### PROBLEM TO SOLVE
Transcribe the records below. Leave nothing out and change nothing.
*** AVAILABLE DATA ***
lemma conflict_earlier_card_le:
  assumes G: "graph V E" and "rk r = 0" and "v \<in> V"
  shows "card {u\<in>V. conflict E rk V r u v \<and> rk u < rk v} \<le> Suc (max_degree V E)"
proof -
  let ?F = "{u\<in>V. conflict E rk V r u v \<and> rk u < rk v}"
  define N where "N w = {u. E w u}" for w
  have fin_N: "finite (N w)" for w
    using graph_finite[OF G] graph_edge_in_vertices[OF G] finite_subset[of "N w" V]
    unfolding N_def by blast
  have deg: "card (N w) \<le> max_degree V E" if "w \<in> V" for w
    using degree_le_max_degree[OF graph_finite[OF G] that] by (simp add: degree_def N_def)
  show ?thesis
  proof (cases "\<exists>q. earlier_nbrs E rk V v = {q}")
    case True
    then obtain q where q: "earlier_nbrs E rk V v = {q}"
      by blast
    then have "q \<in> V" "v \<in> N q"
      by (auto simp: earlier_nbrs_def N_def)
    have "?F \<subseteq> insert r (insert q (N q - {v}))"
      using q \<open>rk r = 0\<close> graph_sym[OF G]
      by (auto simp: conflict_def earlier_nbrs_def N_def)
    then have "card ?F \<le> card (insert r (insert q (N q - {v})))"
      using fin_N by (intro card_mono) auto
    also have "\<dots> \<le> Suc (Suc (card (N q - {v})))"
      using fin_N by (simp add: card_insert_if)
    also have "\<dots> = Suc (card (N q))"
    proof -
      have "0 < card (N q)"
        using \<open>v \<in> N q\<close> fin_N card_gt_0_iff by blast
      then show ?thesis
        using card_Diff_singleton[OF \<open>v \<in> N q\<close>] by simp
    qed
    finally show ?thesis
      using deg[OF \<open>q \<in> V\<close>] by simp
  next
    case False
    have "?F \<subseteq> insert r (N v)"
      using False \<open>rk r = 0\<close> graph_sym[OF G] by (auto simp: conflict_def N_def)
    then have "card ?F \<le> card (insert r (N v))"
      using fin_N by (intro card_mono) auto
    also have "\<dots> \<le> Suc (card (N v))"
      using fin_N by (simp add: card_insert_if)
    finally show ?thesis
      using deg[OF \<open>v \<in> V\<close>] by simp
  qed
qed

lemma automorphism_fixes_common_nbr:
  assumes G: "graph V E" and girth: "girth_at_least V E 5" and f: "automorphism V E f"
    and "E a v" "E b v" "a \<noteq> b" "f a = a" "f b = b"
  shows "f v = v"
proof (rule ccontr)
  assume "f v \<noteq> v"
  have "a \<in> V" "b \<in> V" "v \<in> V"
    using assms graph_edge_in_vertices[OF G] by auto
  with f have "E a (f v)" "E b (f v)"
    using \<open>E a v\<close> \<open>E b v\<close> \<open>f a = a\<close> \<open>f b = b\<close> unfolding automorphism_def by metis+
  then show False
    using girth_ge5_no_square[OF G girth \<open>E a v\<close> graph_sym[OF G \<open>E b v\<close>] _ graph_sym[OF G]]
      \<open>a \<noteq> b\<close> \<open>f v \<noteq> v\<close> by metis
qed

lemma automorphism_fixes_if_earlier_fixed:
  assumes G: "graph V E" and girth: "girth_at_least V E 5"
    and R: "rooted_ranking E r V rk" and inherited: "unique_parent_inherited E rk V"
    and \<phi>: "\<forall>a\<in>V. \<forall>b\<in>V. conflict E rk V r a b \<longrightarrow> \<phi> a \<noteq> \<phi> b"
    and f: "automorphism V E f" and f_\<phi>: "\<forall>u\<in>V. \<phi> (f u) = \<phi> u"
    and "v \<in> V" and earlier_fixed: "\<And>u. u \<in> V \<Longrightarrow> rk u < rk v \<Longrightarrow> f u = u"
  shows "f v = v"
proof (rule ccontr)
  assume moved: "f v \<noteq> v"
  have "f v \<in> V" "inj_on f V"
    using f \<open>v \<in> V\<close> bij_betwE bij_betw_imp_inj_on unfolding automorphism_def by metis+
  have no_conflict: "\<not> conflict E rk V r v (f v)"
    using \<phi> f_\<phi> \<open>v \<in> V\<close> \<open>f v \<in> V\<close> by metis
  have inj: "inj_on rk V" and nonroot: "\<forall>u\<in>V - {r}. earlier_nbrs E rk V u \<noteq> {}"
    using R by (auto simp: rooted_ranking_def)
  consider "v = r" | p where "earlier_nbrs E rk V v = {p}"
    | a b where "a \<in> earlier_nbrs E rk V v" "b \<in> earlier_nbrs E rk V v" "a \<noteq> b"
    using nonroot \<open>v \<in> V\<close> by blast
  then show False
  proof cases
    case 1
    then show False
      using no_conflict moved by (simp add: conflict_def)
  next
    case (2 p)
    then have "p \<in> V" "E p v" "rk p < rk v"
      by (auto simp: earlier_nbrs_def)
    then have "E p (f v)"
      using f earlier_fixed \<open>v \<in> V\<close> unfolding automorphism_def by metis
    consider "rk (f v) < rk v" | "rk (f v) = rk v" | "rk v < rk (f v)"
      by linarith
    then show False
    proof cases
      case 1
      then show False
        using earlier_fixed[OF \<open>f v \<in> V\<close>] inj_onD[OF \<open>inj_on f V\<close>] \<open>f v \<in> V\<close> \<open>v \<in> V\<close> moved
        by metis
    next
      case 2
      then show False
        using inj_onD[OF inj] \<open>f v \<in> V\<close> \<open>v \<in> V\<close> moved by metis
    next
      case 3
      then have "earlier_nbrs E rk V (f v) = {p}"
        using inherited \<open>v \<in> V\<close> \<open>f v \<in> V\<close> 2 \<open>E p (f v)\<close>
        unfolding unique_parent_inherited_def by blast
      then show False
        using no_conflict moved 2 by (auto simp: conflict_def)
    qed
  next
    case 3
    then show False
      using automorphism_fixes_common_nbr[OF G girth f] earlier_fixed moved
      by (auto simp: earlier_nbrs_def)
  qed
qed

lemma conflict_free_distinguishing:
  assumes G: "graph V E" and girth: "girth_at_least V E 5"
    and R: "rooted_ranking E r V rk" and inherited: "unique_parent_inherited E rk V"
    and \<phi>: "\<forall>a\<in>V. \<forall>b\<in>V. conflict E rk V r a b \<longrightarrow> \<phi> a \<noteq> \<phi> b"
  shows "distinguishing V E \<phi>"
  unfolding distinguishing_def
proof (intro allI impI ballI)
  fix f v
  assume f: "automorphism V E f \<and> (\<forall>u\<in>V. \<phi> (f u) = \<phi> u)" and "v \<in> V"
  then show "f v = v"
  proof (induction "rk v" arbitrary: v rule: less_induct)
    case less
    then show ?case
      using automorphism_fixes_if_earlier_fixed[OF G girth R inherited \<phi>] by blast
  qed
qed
***
### SOLUTION FOR THIS PROBLEM
lemma conflict_earlier_card_le:
  assumes G: "graph V E" and "rk r = 0" and "v \<in> V"
  shows "card {u\<in>V. conflict E rk V r u v \<and> rk u < rk v} \<le> Suc (max_degree V E)"
proof -
  let ?F = "{u\<in>V. conflict E rk V r u v \<and> rk u < rk v}"
  define N where "N w = {u. E w u}" for w
  have fin_N: "finite (N w)" for w
    using graph_finite[OF G] graph_edge_in_vertices[OF G] finite_subset[of "N w" V]
    unfolding N_def by blast
  have deg: "card (N w) \<le> max_degree V E" if "w \<in> V" for w
    using degree_le_max_degree[OF graph_finite[OF G] that] by (simp add: degree_def N_def)
  show ?thesis
  proof (cases "\<exists>q. earlier_nbrs E rk V v = {q}")
    case True
    then obtain q where q: "earlier_nbrs E rk V v = {q}"
      by blast
    then have "q \<in> V" "v \<in> N q"
      by (auto simp: earlier_nbrs_def N_def)
    have "?F \<subseteq> insert r (insert q (N q - {v}))"
      using q \<open>rk r = 0\<close> graph_sym[OF G]
      by (auto simp: conflict_def earlier_nbrs_def N_def)
    then have "card ?F \<le> card (insert r (insert q (N q - {v})))"
      using fin_N by (intro card_mono) auto
    also have "\<dots> \<le> Suc (Suc (card (N q - {v})))"
      using fin_N by (simp add: card_insert_if)
    also have "\<dots> = Suc (card (N q))"
    proof -
      have "0 < card (N q)"
        using \<open>v \<in> N q\<close> fin_N card_gt_0_iff by blast
      then show ?thesis
        using card_Diff_singleton[OF \<open>v \<in> N q\<close>] by simp
    qed
    finally show ?thesis
      using deg[OF \<open>q \<in> V\<close>] by simp
  next
    case False
    have "?F \<subseteq> insert r (N v)"
      using False \<open>rk r = 0\<close> graph_sym[OF G] by (auto simp: conflict_def N_def)
    then have "card ?F \<le> card (insert r (N v))"
      using fin_N by (intro card_mono) auto
    also have "\<dots> \<le> Suc (card (N v))"
      using fin_N by (simp add: card_insert_if)
    finally show ?thesis
      using deg[OF \<open>v \<in> V\<close>] by simp
  qed
qed

lemma automorphism_fixes_common_nbr:
  assumes G: "graph V E" and girth: "girth_at_least V E 5" and f: "automorphism V E f"
    and "E a v" "E b v" "a \<noteq> b" "f a = a" "f b = b"
  shows "f v = v"
proof (rule ccontr)
  assume "f v \<noteq> v"
  have "a \<in> V" "b \<in> V" "v \<in> V"
    using assms graph_edge_in_vertices[OF G] by auto
  with f have "E a (f v)" "E b (f v)"
    using \<open>E a v\<close> \<open>E b v\<close> \<open>f a = a\<close> \<open>f b = b\<close> unfolding automorphism_def by metis+
  then show False
    using girth_ge5_no_square[OF G girth \<open>E a v\<close> graph_sym[OF G \<open>E b v\<close>] _ graph_sym[OF G]]
      \<open>a \<noteq> b\<close> \<open>f v \<noteq> v\<close> by metis
qed

lemma automorphism_fixes_if_earlier_fixed:
  assumes G: "graph V E" and girth: "girth_at_least V E 5"
    and R: "rooted_ranking E r V rk" and inherited: "unique_parent_inherited E rk V"
    and \<phi>: "\<forall>a\<in>V. \<forall>b\<in>V. conflict E rk V r a b \<longrightarrow> \<phi> a \<noteq> \<phi> b"
    and f: "automorphism V E f" and f_\<phi>: "\<forall>u\<in>V. \<phi> (f u) = \<phi> u"
    and "v \<in> V" and earlier_fixed: "\<And>u. u \<in> V \<Longrightarrow> rk u < rk v \<Longrightarrow> f u = u"
  shows "f v = v"
proof (rule ccontr)
  assume moved: "f v \<noteq> v"
  have "f v \<in> V" "inj_on f V"
    using f \<open>v \<in> V\<close> bij_betwE bij_betw_imp_inj_on unfolding automorphism_def by metis+
  have no_conflict: "\<not> conflict E rk V r v (f v)"
    using \<phi> f_\<phi> \<open>v \<in> V\<close> \<open>f v \<in> V\<close> by metis
  have inj: "inj_on rk V" and nonroot: "\<forall>u\<in>V - {r}. earlier_nbrs E rk V u \<noteq> {}"
    using R by (auto simp: rooted_ranking_def)
  consider "v = r" | p where "earlier_nbrs E rk V v = {p}"
    | a b where "a \<in> earlier_nbrs E rk V v" "b \<in> earlier_nbrs E rk V v" "a \<noteq> b"
    using nonroot \<open>v \<in> V\<close> by blast
  then show False
  proof cases
    case 1
    then show False
      using no_conflict moved by (simp add: conflict_def)
  next
    case (2 p)
    then have "p \<in> V" "E p v" "rk p < rk v"
      by (auto simp: earlier_nbrs_def)
    then have "E p (f v)"
      using f earlier_fixed \<open>v \<in> V\<close> unfolding automorphism_def by metis
    consider "rk (f v) < rk v" | "rk (f v) = rk v" | "rk v < rk (f v)"
      by linarith
    then show False
    proof cases
      case 1
      then show False
        using earlier_fixed[OF \<open>f v \<in> V\<close>] inj_onD[OF \<open>inj_on f V\<close>] \<open>f v \<in> V\<close> \<open>v \<in> V\<close> moved
        by metis
    next
      case 2
      then show False
        using inj_onD[OF inj] \<open>f v \<in> V\<close> \<open>v \<in> V\<close> moved by metis
    next
      case 3
      then have "earlier_nbrs E rk V (f v) = {p}"
        using inherited \<open>v \<in> V\<close> \<open>f v \<in> V\<close> 2 \<open>E p (f v)\<close>
        unfolding unique_parent_inherited_def by blast
      then show False
        using no_conflict moved 2 by (auto simp: conflict_def)
    qed
  next
    case 3
    then show False
      using automorphism_fixes_common_nbr[OF G girth f] earlier_fixed moved
      by (auto simp: earlier_nbrs_def)
  qed
qed

lemma conflict_free_distinguishing:
  assumes G: "graph V E" and girth: "girth_at_least V E 5"
    and R: "rooted_ranking E r V rk" and inherited: "unique_parent_inherited E rk V"
    and \<phi>: "\<forall>a\<in>V. \<forall>b\<in>V. conflict E rk V r a b \<longrightarrow> \<phi> a \<noteq> \<phi> b"
  shows "distinguishing V E \<phi>"
  unfolding distinguishing_def
proof (intro allI impI ballI)
  fix f v
  assume f: "automorphism V E f \<and> (\<forall>u\<in>V. \<phi> (f u) = \<phi> u)" and "v \<in> V"
  then show "f v = v"
  proof (induction "rk v" arbitrary: v rule: less_induct)
    case less
    then show ?case
      using automorphism_fixes_if_earlier_fixed[OF G girth R inherited \<phi>] by blast
  qed
qed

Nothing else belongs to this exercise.